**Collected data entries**

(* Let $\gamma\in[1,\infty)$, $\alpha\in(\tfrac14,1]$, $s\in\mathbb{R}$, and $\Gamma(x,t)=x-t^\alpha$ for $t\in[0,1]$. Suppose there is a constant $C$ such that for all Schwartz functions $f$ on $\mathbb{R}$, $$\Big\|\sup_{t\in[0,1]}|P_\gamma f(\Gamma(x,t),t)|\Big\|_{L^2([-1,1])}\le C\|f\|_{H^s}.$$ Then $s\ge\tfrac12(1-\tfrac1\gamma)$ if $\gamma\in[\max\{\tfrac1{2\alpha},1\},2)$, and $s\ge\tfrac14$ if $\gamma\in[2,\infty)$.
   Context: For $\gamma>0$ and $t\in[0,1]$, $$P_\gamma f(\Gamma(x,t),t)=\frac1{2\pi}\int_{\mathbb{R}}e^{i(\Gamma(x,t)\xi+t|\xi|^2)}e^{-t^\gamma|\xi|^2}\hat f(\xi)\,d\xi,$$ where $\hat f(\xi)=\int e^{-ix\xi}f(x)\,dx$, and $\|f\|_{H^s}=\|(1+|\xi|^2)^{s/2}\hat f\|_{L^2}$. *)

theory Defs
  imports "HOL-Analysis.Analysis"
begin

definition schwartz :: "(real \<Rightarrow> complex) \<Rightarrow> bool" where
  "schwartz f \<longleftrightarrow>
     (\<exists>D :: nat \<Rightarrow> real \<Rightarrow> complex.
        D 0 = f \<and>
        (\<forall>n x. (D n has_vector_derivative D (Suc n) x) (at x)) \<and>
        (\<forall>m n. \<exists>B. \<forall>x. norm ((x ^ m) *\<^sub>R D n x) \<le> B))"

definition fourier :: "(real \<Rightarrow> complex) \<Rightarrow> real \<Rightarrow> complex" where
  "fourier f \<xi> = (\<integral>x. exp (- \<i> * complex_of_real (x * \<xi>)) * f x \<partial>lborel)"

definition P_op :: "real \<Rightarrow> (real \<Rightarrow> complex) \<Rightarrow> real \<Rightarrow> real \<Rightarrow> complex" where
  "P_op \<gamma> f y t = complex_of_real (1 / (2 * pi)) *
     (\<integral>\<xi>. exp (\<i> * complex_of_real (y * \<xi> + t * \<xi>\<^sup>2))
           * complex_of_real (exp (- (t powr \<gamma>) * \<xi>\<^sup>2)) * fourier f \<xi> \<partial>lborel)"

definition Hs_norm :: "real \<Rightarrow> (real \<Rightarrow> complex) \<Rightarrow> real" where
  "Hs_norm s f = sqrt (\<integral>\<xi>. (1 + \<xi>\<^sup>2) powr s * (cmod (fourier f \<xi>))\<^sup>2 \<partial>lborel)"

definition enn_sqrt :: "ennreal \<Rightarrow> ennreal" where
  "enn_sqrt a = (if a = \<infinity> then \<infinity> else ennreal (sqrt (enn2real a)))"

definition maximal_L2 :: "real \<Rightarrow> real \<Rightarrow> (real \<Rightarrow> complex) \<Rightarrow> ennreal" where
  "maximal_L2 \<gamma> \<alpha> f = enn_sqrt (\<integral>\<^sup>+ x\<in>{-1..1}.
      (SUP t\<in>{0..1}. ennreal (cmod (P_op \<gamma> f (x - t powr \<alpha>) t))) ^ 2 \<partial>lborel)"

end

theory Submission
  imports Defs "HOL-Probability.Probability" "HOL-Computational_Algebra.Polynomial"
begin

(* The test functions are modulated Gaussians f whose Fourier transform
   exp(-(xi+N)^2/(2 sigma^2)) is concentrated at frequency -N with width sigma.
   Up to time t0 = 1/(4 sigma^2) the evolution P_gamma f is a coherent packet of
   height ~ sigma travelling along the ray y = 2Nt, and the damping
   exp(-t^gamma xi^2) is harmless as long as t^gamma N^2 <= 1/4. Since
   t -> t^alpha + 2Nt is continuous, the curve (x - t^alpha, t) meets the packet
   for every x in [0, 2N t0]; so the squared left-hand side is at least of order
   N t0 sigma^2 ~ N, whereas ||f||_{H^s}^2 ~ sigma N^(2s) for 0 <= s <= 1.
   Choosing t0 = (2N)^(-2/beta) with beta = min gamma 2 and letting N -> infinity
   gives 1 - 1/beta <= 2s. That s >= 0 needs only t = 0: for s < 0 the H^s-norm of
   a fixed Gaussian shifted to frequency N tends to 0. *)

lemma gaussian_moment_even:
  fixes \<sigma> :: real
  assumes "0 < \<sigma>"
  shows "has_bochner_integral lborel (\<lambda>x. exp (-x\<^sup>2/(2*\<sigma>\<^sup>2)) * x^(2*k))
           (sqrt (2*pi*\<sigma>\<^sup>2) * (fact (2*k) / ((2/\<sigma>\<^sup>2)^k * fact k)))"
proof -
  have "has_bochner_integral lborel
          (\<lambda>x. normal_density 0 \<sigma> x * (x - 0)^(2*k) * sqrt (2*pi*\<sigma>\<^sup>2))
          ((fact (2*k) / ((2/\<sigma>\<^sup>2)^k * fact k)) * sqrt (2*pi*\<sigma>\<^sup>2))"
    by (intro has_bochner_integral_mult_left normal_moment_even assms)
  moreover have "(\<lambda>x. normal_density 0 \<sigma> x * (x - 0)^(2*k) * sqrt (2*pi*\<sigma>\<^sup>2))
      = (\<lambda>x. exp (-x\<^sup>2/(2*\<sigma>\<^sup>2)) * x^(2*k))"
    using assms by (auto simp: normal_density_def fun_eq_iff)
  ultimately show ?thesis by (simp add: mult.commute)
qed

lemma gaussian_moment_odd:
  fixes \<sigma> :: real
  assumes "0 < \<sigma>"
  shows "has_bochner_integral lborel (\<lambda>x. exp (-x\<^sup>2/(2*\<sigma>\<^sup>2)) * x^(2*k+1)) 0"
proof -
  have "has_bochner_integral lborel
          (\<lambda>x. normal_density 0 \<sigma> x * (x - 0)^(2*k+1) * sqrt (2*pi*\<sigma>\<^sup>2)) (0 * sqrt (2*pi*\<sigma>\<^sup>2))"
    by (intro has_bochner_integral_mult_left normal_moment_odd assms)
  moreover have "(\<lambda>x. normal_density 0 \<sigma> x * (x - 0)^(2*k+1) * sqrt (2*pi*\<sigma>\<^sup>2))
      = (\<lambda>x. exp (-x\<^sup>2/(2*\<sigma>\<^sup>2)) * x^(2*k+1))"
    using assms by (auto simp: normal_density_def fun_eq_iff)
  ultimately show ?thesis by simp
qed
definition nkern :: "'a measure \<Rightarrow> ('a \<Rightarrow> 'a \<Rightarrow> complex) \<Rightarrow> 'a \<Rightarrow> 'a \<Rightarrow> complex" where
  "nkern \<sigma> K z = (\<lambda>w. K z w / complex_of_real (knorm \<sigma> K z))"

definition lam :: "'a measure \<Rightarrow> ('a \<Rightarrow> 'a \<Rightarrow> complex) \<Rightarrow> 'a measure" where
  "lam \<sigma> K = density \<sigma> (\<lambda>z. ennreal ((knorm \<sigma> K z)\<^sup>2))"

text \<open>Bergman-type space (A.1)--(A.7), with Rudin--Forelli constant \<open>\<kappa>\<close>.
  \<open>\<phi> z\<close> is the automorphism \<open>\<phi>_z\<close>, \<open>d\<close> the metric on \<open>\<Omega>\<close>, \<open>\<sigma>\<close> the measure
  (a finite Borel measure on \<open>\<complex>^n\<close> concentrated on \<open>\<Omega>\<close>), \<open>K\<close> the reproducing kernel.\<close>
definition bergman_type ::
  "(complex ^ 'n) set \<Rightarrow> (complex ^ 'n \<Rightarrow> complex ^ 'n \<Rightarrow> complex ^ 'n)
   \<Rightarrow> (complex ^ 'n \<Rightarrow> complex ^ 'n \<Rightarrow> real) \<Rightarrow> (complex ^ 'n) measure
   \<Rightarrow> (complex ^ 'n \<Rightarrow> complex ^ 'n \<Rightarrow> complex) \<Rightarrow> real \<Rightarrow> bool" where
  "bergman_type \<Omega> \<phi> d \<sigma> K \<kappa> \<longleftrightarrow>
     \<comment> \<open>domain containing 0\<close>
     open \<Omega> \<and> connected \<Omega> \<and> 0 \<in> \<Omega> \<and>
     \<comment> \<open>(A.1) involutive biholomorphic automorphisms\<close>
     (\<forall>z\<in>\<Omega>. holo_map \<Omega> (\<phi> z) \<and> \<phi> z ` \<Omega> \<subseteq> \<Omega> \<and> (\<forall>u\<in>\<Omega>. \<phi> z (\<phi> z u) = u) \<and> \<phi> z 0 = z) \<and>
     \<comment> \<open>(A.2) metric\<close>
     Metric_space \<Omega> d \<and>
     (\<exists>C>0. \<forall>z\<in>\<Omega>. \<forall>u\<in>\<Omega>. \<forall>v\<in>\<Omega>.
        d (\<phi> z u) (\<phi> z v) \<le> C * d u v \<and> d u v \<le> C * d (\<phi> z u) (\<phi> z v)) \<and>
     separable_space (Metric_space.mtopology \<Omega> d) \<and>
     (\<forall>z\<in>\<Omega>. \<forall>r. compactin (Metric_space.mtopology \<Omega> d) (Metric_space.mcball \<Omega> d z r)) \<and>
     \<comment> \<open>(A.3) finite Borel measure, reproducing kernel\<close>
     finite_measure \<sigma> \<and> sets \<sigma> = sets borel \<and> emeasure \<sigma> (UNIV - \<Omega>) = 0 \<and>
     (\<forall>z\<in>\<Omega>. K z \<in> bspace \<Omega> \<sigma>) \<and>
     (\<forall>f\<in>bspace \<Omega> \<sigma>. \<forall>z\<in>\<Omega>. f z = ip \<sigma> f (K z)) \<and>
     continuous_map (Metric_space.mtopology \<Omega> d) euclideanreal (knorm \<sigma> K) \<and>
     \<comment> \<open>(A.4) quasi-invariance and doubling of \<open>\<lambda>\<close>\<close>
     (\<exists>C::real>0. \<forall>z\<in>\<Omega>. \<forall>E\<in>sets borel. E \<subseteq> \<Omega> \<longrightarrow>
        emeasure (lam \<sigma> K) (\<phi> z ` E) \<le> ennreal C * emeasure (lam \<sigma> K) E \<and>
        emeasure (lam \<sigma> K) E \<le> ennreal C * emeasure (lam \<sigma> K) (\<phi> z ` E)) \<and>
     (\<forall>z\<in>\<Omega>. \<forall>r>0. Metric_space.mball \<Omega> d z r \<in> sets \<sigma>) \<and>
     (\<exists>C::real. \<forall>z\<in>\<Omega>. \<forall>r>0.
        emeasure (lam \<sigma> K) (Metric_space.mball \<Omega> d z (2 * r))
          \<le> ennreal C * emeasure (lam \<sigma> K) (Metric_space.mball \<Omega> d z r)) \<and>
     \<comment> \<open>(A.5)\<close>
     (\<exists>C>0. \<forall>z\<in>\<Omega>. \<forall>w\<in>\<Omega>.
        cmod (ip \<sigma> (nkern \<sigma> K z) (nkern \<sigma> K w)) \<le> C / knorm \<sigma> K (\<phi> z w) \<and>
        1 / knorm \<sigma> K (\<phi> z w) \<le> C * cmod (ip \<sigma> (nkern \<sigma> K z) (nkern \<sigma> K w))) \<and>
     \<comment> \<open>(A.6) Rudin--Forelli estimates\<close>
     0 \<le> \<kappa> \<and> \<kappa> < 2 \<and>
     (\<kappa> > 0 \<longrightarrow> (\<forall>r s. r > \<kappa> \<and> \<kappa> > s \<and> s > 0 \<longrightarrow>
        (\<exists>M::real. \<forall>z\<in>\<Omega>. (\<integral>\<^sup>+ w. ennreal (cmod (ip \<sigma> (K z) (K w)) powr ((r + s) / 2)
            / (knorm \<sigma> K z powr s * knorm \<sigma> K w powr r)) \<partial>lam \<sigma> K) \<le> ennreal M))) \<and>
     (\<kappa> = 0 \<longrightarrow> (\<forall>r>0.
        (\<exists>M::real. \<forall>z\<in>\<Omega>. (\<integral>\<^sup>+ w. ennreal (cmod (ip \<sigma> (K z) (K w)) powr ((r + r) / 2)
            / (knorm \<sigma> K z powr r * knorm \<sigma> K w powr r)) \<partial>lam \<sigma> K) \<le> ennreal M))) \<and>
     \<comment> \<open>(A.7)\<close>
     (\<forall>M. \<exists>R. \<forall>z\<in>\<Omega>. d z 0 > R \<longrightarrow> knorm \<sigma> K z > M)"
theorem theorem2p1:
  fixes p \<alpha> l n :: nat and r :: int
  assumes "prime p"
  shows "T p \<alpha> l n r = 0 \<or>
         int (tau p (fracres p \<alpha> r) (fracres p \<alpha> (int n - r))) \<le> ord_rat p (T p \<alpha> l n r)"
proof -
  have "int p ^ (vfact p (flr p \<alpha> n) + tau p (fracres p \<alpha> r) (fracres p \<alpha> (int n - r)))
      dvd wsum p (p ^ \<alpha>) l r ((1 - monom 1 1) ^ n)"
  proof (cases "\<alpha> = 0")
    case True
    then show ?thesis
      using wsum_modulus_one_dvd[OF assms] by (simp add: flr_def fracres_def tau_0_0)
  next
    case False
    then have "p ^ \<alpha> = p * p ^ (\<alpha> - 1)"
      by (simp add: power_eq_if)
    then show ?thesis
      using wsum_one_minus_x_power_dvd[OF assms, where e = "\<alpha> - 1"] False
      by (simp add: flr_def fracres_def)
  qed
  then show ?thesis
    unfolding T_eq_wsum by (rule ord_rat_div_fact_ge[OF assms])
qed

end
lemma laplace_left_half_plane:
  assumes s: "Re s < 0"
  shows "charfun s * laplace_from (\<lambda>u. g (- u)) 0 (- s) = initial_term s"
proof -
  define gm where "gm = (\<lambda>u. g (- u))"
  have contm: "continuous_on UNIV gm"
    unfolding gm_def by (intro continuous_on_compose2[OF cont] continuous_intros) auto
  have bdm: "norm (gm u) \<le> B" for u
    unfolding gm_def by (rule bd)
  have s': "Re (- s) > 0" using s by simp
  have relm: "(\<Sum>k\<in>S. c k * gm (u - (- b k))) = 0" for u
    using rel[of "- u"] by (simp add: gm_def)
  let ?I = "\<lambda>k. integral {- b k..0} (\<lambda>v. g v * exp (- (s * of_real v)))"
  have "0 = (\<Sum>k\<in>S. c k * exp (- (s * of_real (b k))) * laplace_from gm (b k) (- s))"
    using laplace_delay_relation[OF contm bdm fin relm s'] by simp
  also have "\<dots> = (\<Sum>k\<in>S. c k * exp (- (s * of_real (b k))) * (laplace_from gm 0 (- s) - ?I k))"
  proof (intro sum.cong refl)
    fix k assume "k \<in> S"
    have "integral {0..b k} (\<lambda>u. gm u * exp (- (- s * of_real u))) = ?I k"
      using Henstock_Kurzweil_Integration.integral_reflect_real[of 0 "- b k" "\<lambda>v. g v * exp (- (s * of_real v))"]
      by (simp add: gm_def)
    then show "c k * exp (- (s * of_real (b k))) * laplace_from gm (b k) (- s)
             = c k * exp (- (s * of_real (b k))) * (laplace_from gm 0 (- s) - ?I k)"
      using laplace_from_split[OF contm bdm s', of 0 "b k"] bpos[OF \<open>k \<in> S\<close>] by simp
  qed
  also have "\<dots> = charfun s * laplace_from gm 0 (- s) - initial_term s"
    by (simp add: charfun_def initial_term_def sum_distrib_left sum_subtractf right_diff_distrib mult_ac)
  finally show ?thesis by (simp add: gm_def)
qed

**What you need to do**
Give the exact lines, and only those, from the line containing "Metric_space \<Omega> d \<and>" through the line containing "(\<forall>z\<in>\<Omega>. \<forall>r. compactin" in the entries above.

**Response below**
     Metric_space \<Omega> d \<and>
     (\<exists>C>0. \<forall>z\<in>\<Omega>. \<forall>u\<in>\<Omega>. \<forall>v\<in>\<Omega>.
        d (\<phi> z u) (\<phi> z v) \<le> C * d u v \<and> d u v \<le> C * d (\<phi> z u) (\<phi> z v)) \<and>
     separable_space (Metric_space.mtopology \<Omega> d) \<and>
     (\<forall>z\<in>\<Omega>. \<forall>r. compactin (Metric_space.mtopology \<Omega> d) (Metric_space.mcball \<Omega> d z r)) \<and>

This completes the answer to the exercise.